Right now, the percentage of people enrolled in American universities who
steal music and movies is in the high double digits but they would draw the
line at driving mom and dad's car through the doors and windows of Best Buys
or some other store at 3AM to steal that same music physically or software.
These are the federal judges and state court judges throughout the US of
tomorrow and their kids.
A lot of schools are cooperating through their school ISPs and allowing the
RIAA to trace the thiefs and haul them into court and cost them 3 grand or
more accurately their already overburdened parents. It's happening every
day.
As in this scenario in last week's New York Times:
http://www.nytimes.com/2007/10/10/education/10students.html
October 10, 2007 NEW YORK TIMES
File-Sharing Students Fight Copyright Constraints
By RACHEL AVIV
When Zachary McCune, a student at Brown, received an e-mail message from the
university telling him he might have broken the law by downloading
copyrighted songs, his eyes glazed over the warning and he quickly forgot
about it. “I already knew what they’d say about file-sharing,” he said. “It’s
become a campus cliché.”
But the next day, he realized the message had an attachment from the
Recording Industry Association of America, a trade group that is
coordinating legal efforts by record companies to crack down on Internet
piracy. The attachment told Mr. McCune he faced a lawsuit with potential
fines of $750 to $150,000 for every illegally downloaded song.
“I was stunned by the extremity of the punishment for taking songs I could
have bought for a few cents,” he said. “It seemed grossly out of
proportion.”
Twelve Brown students received these letters; Mr.

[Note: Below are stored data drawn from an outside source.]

(* Let $n\ge2$, $\omega\in(0,1)$, and let $B$ be a random variable with mean $0$ and variance $1$. Let $B_1,\dots,B_n$ be independent with $B_i\overset{d}{=}\mu_i+\sigma_iB$, where $\sigma_i>0$ and $\sigma_1\le\cdots\le\sigma_n$. Use the identity sequence with the schedule $\boldsymbol x=\boldsymbol\mu+\alpha\boldsymbol\sigma$, i.e. $x_i=\mu_i+\alpha\sigma_i$, where $$\alpha=\sqrt{\frac{1-\omega}{2\omega}+\frac{\sigma_{n-1}}{2\sum_{i=1}^{n-1}\sigma_i}}.$$ Then $$r_\omega=\frac{C(\mathrm{Id},\boldsymbol x,\omega)}{\min\{C(\tau,\boldsymbol y,\omega):\tau\in\mathsf S_n,\ \boldsymbol y\in\mathbb R_+^n\}}\le K(B,\omega):=\frac{\sqrt{2\omega}}{\omega\,\mathbb E B(\omega)^-+(1-\omega)\,\mathbb E B(\omega)^+},$$ where $B(\omega)=B-Q_B(1-\omega)$ and $Q_B(y)=\inf\{x:y\le\mathbb P(B\le x)\}$.
   Context: Appointment model: a sequence is a permutation $\tau\in\mathsf S_n$ of $\{1,\dots,n\}$, $\tau(i)$ being the patient in appointment slot $i$. A schedule is a vector $\boldsymbol y=(y_1,\dots,y_n)$, where $y_j$ is the interarrival time between patient $j$ and the next patient. Waiting times $W_i$ and idle times $I_i$ of slot $i$ are given by $W_1=I_1=0$ and $W_{i+1}=(W_i+B_{\tau(i)}-y_{\tau(i)})^+$, $I_{i+1}=(W_i+B_{\tau(i)}-y_{\tau(i)})^-$, where $a^+=\max\{0,a\}$, $a^-=\max\{0,-a\}$. The cost is $C(\tau,\boldsymbol y,\omega)=\omega\sum_{i=1}^n\mathbb E I_i+(1-\omega)\sum_{i=1}^n\mathbb E W_i$. $\mathrm{Id}$ is the identity permutation. *)

theory Defs
  imports "HOL-Probability.Probability" "HOL-Combinatorics.Permutations"
begin

text \<open>Realization-wise waiting time W_i and idle time I_i of slot i (slots 1..n),
  given sequence tau, schedule y (indexed by patient) and service times b (indexed by patient).
  Index 0 is unused.\<close>
primrec wait_time :: "(nat \<Rightarrow> nat) \<Rightarrow> (nat \<Rightarrow> real) \<Rightarrow> (nat \<Rightarrow> real) \<Rightarrow> nat \<Rightarrow> real" where
  "wait_time \<tau> y b 0 = 0"
| "wait_time \<tau> y b (Suc i) =
     (if i = 0 then 0 else max 0 (wait_time \<tau> y b i + b (\<tau> i) - y (\<tau> i)))"

fun idle_time :: "(nat \<Rightarrow> nat) \<Rightarrow> (nat \<Rightarrow> real) \<Rightarrow> (nat \<Rightarrow> real) \<Rightarrow> nat \<Rightarrow> real" where
  "idle_time \<tau> y b 0 = 0"
| "idle_time \<tau> y b (Suc i) =
     (if i = 0 then 0 else max 0 (- (wait_time \<tau> y b i + b (\<tau> i) - y (\<tau> i))))"

definition appt_cost ::
  "'a measure \<Rightarrow> (nat \<Rightarrow> 'a \<Rightarrow> real) \<Rightarrow> nat \<Rightarrow> (nat \<Rightarrow> nat) \<Rightarrow> (nat \<Rightarrow> real) \<Rightarrow> real \<Rightarrow> real" where
  "appt_cost M Bs n \<tau> y \<omega> =
     \<omega> * (\<Sum>i = 1..n. integral\<^sup>L M (\<lambda>s. idle_time \<tau> y (\<lambda>j. Bs j s) i))
     + (1 - \<omega>) * (\<Sum>i = 1..n. integral\<^sup>L M (\<lambda>s. wait_time \<tau> y (\<lambda>j. Bs j s) i))"

definition quantile :: "'b measure \<Rightarrow> ('b \<Rightarrow> real) \<Rightarrow> real \<Rightarrow> real" where
  "quantile N B p = Inf {x. p \<le> measure N {s \<in> space N. B s \<le> x}}"

definition K_bound :: "'b measure \<Rightarrow> ('b \<Rightarrow> real) \<Rightarrow> real \<Rightarrow> real" where
  "K_bound N B \<omega> =
     (let q = quantile N B (1 - \<omega>) in
      sqrt (2 * \<omega>) /
        (\<omega> * integral\<^sup>L N (\<lambda>s. max 0 (- (B s - q)))
         + (1 - \<omega>) * integral\<^sup>L N (\<lambda>s. max 0 (B s - q))))"

end

(*
  In any sequence, the cost omega E I + (1 - omega) E W of the slot after patient j is
  the expected pinball loss of W' + B_j - y_j, where the waiting time W' before patient j is
  independent of B_j. A newsvendor argument shows that this is at least the pinball loss of B_j
  around its (1 - omega)-quantile, which is sigma_j times omega E B(omega)^- + (1 - omega) E B(omega)^+.
  The last patient contributes no such slot, so the optimal cost is at least this quantity times
  sigma_1 + ... + sigma_(n-1).

  For the identity sequence and the schedule mu + alpha sigma, the Lindley recursion
  W' = (W + B_j - x_j)^+, I' = (W + B_j - x_j)^- with W independent of B_j gives exact relations
  between the first and second moments of consecutive waiting and idle times. Telescoping them
  bounds alpha times the total expected waiting time together with the second moment of the last
  waiting time, and for the given alpha this yields the cost bound sqrt(2 omega) (sigma_1 + ... +
  sigma_(n-1)).
*)
theory Submission
  imports Defs
begin

section \<open>The pinball loss\<close>

definition pinball_loss :: "real \<Rightarrow> real \<Rightarrow> real" where
  "pinball_loss \<omega> t = \<omega> * max 0 (- t) + (1 - \<omega>) * max 0 t"

lemma pinball_loss_nonneg: "0 \<le> \<omega> \<Longrightarrow> \<omega> \<le> 1 \<Longrightarrow> 0 \<le> pinball_loss \<omega> t"
  unfolding pinball_loss_def by simp

lemma pinball_loss_pos: "0 < \<omega> \<Longrightarrow> \<omega> < 1 \<Longrightarrow> t \<noteq> 0 \<Longrightarrow> 0 < pinball_loss \<omega> t"
  unfolding pinball_loss_def by (cases "t < 0") (auto simp: max_def mult_less_0_iff add_pos_nonneg add_nonneg_pos)

lemma pinball_loss_scale: "0 \<le> c \<Longrightarrow> pinball_loss \<omega> (c * t) = c * pinball_loss \<omega> t"
  unfolding pinball_loss_def
  by (cases "t < 0") (auto simp: max_def algebra_simps mult_le_0_iff zero_le_mult_iff)

lemma pinball_loss_subgradient:
  assumes "0 \<le> \<omega>" "\<omega> \<le> 1"
  shows "pinball_loss \<omega> r + max 0 d * (if r \<le> 0 then \<omega> else \<omega> - 1)
           - max 0 (- d) * (if r < 0 then \<omega> else \<omega> - 1) \<le> pinball_loss \<omega> (r - d)"
  using assms unfolding pinball_loss_def
  by (cases "r < 0"; cases "r = 0"; cases "d \<le> 0"; cases "r \<le> d")
     (simp_all add: max_def algebra_simps mult_left_mono mult_right_mono mult_left_le_one_le)

lemma borel_measurable_pinball_loss [measurable]: "pinball_loss \<omega> \<in> borel_measurable borel"
  unfolding pinball_loss_def[abs_def] by measurable

lemma integrable_pinball_loss:
  "integrable M f \<Longrightarrow> integrable M (\<lambda>s. pinball_loss \<omega> (f s))"
  unfolding pinball_loss_def by (intro Bochner_Integration.integrable_add integrable_mult_right integrable_max) auto

lemma integral_pinball_loss:
  "integrable M f \<Longrightarrow> integral\<^sup>L M (\<lambda>s. pinball_loss \<omega> (f s))
     = \<omega> * integral\<^sup>L M (\<lambda>s. max 0 (- f s)) + (1 - \<omega>) * integral\<^sup>L M (\<lambda>s. max 0 (f s))"
  unfolding pinball_loss_def by (subst Bochner_Integration.integral_add) auto

section \<open>Real inequalities behind the upper bound\<close>

text \<open>In the application a, b, e and f are the first and second moments of the waiting and idle
  times of consecutive slots.\<close>
lemma moment_recursion_bound:
  fixes a b e f \<sigma> :: "nat \<Rightarrow> real" and \<alpha> :: real
  assumes "1 \<le> m"
    and \<sigma>_pos: "\<And>i. 1 \<le> i \<Longrightarrow> i \<le> m \<Longrightarrow> 0 < \<sigma> i"
    and \<sigma>_mono: "\<And>i. 1 \<le> i \<Longrightarrow> i < m \<Longrightarrow> \<sigma> i \<le> \<sigma> (Suc i)"
    and first: "\<And>i. 1 \<le> i \<Longrightarrow> i \<le> m \<Longrightarrow> a (Suc i) - e (Suc i) = a i - \<alpha> * \<sigma> i"
    and second: "\<And>i. 1 \<le> i \<Longrightarrow> i \<le> m \<Longrightarrow>
                   b (Suc i) + f (Suc i) = b i - 2 * \<alpha> * \<sigma> i * a i + (\<sigma> i)\<^sup>2 * (1 + \<alpha>\<^sup>2)"
    and jensen: "\<And>i. 1 \<le> i \<Longrightarrow> i \<le> m \<Longrightarrow> (e (Suc i))\<^sup>2 \<le> f (Suc i)"
    and "b 1 = 0" and b_nonneg: "\<And>i. 0 \<le> b i"
  shows "2 * \<alpha> * (\<Sum>i = 1..m. a (Suc i)) + b (Suc m) / \<sigma> m \<le> (\<Sum>i = 1..m. \<sigma> i)"
proof -
  have step: "b (Suc i) / \<sigma> i + 2 * \<alpha> * a (Suc i) \<le> b i / \<sigma> i + \<sigma> i" if i: "1 \<le> i" "i \<le> m" for i
  proof -
    have e: "e (Suc i) = (a (Suc i) - a i) + \<alpha> * \<sigma> i" using first[OF i] by simp
    have "(e (Suc i))\<^sup>2 = (a (Suc i) - a i)\<^sup>2 + 2 * \<alpha> * \<sigma> i * (a (Suc i) - a i) + \<alpha>\<^sup>2 * (\<sigma> i)\<^sup>2"
      unfolding e by (simp add: power2_eq_square algebra_simps)
    then have sq_step: "b (Suc i) + 2 * \<alpha> * \<sigma> i * a (Suc i) \<le> b i + (\<sigma> i)\<^sup>2"
      using second[OF i] jensen[OF i] zero_le_power2[of "a (Suc i) - a i"]
      by (simp add: power2_eq_square algebra_simps)
    show ?thesis
      using \<sigma>_pos[OF i] mult_left_mono[OF sq_step less_imp_le[OF \<sigma>_pos[OF i]]]
      by (simp add: field_simps power2_eq_square)
  qed
  have "2 * \<alpha> * (\<Sum>i = 1..j. a (Suc i)) + b (Suc j) / \<sigma> j \<le> (\<Sum>i = 1..j. \<sigma> i)"
    if "1 \<le> j" "j \<le> m" for j
    using that
  proof (induction j rule: nat_induct_at_least)
    case base
    then show ?case using step[of 1] \<open>b 1 = 0\<close> by simp
  next
    case (Suc j)
    have "b (Suc j) / \<sigma> (Suc j) \<le> b (Suc j) / \<sigma> j"
      using Suc \<sigma>_pos[of j] \<sigma>_mono[of j] b_nonneg by (intro divide_left_mono) auto
    then show ?case using Suc step[of "Suc j"] by (simp add: distrib_left)
  qed
  then show ?thesis using \<open>1 \<le> m\<close> by simp
qed

lemma weighted_cost_le_of_moment_bound:
  fixes \<omega> \<alpha> \<rho> c w T S :: real
  assumes "0 < \<alpha>" "0 < \<rho>" "1 - \<omega> \<le> \<rho>" "0 < c" "w \<le> T"
    and moment_bound: "2 * \<alpha> * T + w\<^sup>2 / c \<le> S"
  shows "\<omega> * w + (1 - \<omega>) * T \<le> \<rho> * S / (2 * \<alpha>) + \<alpha> * c * (1 - \<rho>)\<^sup>2 / (2 * \<rho>)"
proof -
  have "\<omega> * w + (1 - \<omega>) * T \<le> (1 - \<rho>) * w + \<rho> * T"
    using mult_nonneg_nonneg[of "\<rho> - (1 - \<omega>)" "T - w"] assms by (simp add: algebra_simps)
  also have "\<rho> * T \<le> \<rho> * S / (2 * \<alpha>) - \<rho> * w\<^sup>2 / (2 * \<alpha> * c)"
    using moment_bound assms mult_left_mono[of "2 * \<alpha> * T" "S - w\<^sup>2 / c" \<rho>] by (simp add: field_simps)
  also have "(1 - \<rho>) * w - \<rho> * w\<^sup>2 / (2 * \<alpha> * c) \<le> \<alpha> * c * (1 - \<rho>)\<^sup>2 / (2 * \<rho>)"
    \<comment> \<open>AM-GM\<close>
  proof -
    have "0 \<le> (\<rho> * w - \<alpha> * c * (1 - \<rho>))\<^sup>2" by simp
    then show ?thesis using assms by (simp add: field_simps power2_eq_square)
  qed
  ultimately show ?thesis by simp
qed

lemma remainder_term_le:
  fixes u p r \<omega> :: real
  assumes "0 < u" "u \<le> p" "p \<le> 1" "0 < r" "r\<^sup>2 = 2 * \<omega>"
  shows "u * (1 + p) * \<omega> * (1 - u) / (2 * r * p) \<le> r"
proof -
  have "0 < \<omega>"
    using zero_less_power[OF assms(4), of 2] assms(5) by simp
  have "(1 + p) * (1 - u) \<le> 2"
    using assms mult_mono[of "1 + p" 2 "1 - u" 1] by simp
  then have "u * (1 + p) * (1 - u) \<le> 2 * p"
    using assms mult_mono[of u p "(1 + p) * (1 - u)" 2] by (simp add: mult.assoc)
  then have "u * (1 + p) * \<omega> * (1 - u) \<le> \<omega> * (2 * p)"
    using \<open>0 < \<omega>\<close> mult_left_mono[of "u * (1 + p) * (1 - u)" "2 * p" \<omega>] by (simp add: algebra_simps)
  also have "\<dots> \<le> r * (2 * p * r)"
    using \<open>0 < \<omega>\<close> assms by (simp add: power2_eq_square algebra_simps)
  finally show ?thesis
    using assms by (simp add: field_simps)
qed

text \<open>The scale \<alpha> minimises the first two terms \<omega> \<alpha> S + \<rho> S / (2 \<alpha>).\<close>
lemma cost_bound_at_optimal_scale:
  fixes \<omega> c S :: real
  assumes "0 < \<omega>" "\<omega> < 1" "0 < c" "c \<le> S"
  defines "\<rho> \<equiv> 1 - \<omega> + \<omega> * c / S"
  defines "\<alpha> \<equiv> sqrt (\<rho> / (2 * \<omega>))"
  shows "\<omega> * \<alpha> * S + \<rho> * S / (2 * \<alpha>) + \<alpha> * c * (1 - \<rho>)\<^sup>2 / (2 * \<rho>) \<le> sqrt (2 * \<omega>) * S"
proof -
  define u where "u = c / S"
  define p where "p = sqrt \<rho>"
  define r where "r = sqrt (2 * \<omega>)"
  have "0 < S" "0 < u" "u \<le> 1" "c = u * S"
    using assms by (auto simp: u_def)
  have one_minus_\<rho>: "1 - \<rho> = \<omega> * (1 - u)"
    by (simp add: \<rho>_def u_def algebra_simps)
  have "0 \<le> \<omega> * (1 - u)" "\<omega> * (1 - u) \<le> 1 - u"
    using \<open>u \<le> 1\<close> \<open>0 < \<omega>\<close> \<open>\<omega> < 1\<close> by (simp_all add: mult_left_le_one_le)
  then have "u \<le> \<rho>" "\<rho> \<le> 1"
    using one_minus_\<rho> by linarith+
  have "\<rho> \<le> p"
    unfolding p_def using \<open>0 < u\<close> \<open>u \<le> \<rho>\<close> \<open>\<rho> \<le> 1\<close> by (intro real_le_rsqrt) (simp add: power2_eq_square mult_left_le_one_le)
  have p: "0 < p" "p \<le> 1" "p\<^sup>2 = \<rho>" "u \<le> p"
    using \<open>0 < u\<close> \<open>u \<le> \<rho>\<close> \<open>\<rho> \<le> 1\<close> \<open>\<rho> \<le> p\<close> by (auto simp: p_def)
  have r: "0 < r" "r\<^sup>2 = 2 * \<omega>"
    using \<open>0 < \<omega>\<close> by (simp_all add: r_def)
  have \<alpha>: "\<alpha> = p / r"
    by (simp add: \<alpha>_def p_def r_def real_sqrt_divide)
  have "\<omega> * \<alpha> * S + \<rho> * S / (2 * \<alpha>) = r * p * S"
    unfolding \<alpha> p(3)[symmetric] using r p(1) by (simp add: field_simps power2_eq_square)
  moreover have "\<alpha> * c * (1 - \<rho>)\<^sup>2 / (2 * \<rho>) = S * (1 - p) * (u * (1 + p) * \<omega> * (1 - u)) / (2 * r * p)"
  proof -
    have sq: "(1 - \<rho>)\<^sup>2 = (1 - p) * (1 + p) * (\<omega> * (1 - u))"
      unfolding power2_eq_square one_minus_\<rho>[symmetric] p(3)[symmetric] by (simp add: algebra_simps)
    have "\<alpha> * c * (1 - \<rho>)\<^sup>2 / (2 * \<rho>) = (p / r) * (u * S) * ((1 - p) * (1 + p) * (\<omega> * (1 - u))) / (2 * p\<^sup>2)"
      by (simp only: \<alpha> \<open>c = u * S\<close> sq p(3))
    also have "\<dots> = S * (1 - p) * (u * (1 + p) * \<omega> * (1 - u)) / (2 * r * p)"
      using r(1) p(1) by (simp add: field_simps power2_eq_square)
    finally show ?thesis .
  qed
  moreover have "S * (1 - p) * (u * (1 + p) * \<omega> * (1 - u)) / (2 * r * p) \<le> S * (1 - p) * r"
    using mult_left_mono[OF remainder_term_le[OF \<open>0 < u\<close> p(4,2) r], of "S * (1 - p)"] \<open>0 < S\<close> p(2)
    by simp
  ultimately show ?thesis
    using r_def by (simp add: algebra_simps)
qed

McCune ended up paying
$3,000 to settle the claim. But the experience made him interested in
changing intellectual property regulations. Last spring he co-founded Brown’s
chapter of Students for Free Culture, a national organization sprouting up
on college campuses that advocates loosening the restrictions of copyright
law so that information — from software to music to research to art — can be
freely shared.
“The technology has outpaced the law,” said Mr. McCune, who is now a
sophomore.
Established at Swarthmore College in 2004, the group has chapters at more
than 35 universities across the country. “We will listen to free music, look
at free art, watch free film and read free books,” reads its manifesto,
posted on its Web site, freeculture.org. “We refuse to accept a future of
digital feudalism.”
Members assert that the Internet has made it necessary to rethink copyright
law, and they talk about the group’s goals with something like the reverence
that earlier generations displayed in talking about social or racial
equality.
“People wonder why college students aren’t rallying more around the Iraq
war,” Mr. McCune said. “If there were a draft, we probably would be.
Students are so quick to fight for this cause because we’re the ones bearing
the burden.”
Cory Doctorow, co-editor of the popular technology blog Boing Boing, said
the recording industry lawsuits were not “scaring students away from
file-sharing, but scaring them into political consciousness.” Last year, Mr.
Doctorow was an adviser to the Students for Free Culture chapter at the
University of Southern California while teaching a course on the history of
copyright law.
Opposition to the music industry and its efforts to protect copyrights often
dominates discussions on campuses. Chapters have organized demonstrations in
front of major record stores and held “iPod liberation” parties where
students have downloaded software together that makes it possible to swap
songs.
Many chapters have held forums to discuss legal decisions and developments
in copyright, frequently debating what it means to “steal” something as
amorphous as a digital file.
But in recent months, the group has made a point of branching out beyond
music copyrights. At its first national conference, held at Harvard in May
and attended by more than 130 people, speakers gave presentations on topics
like enhancing Internet access in impoverished countries, and loosening
patent regulations for pharmaceutical drugs.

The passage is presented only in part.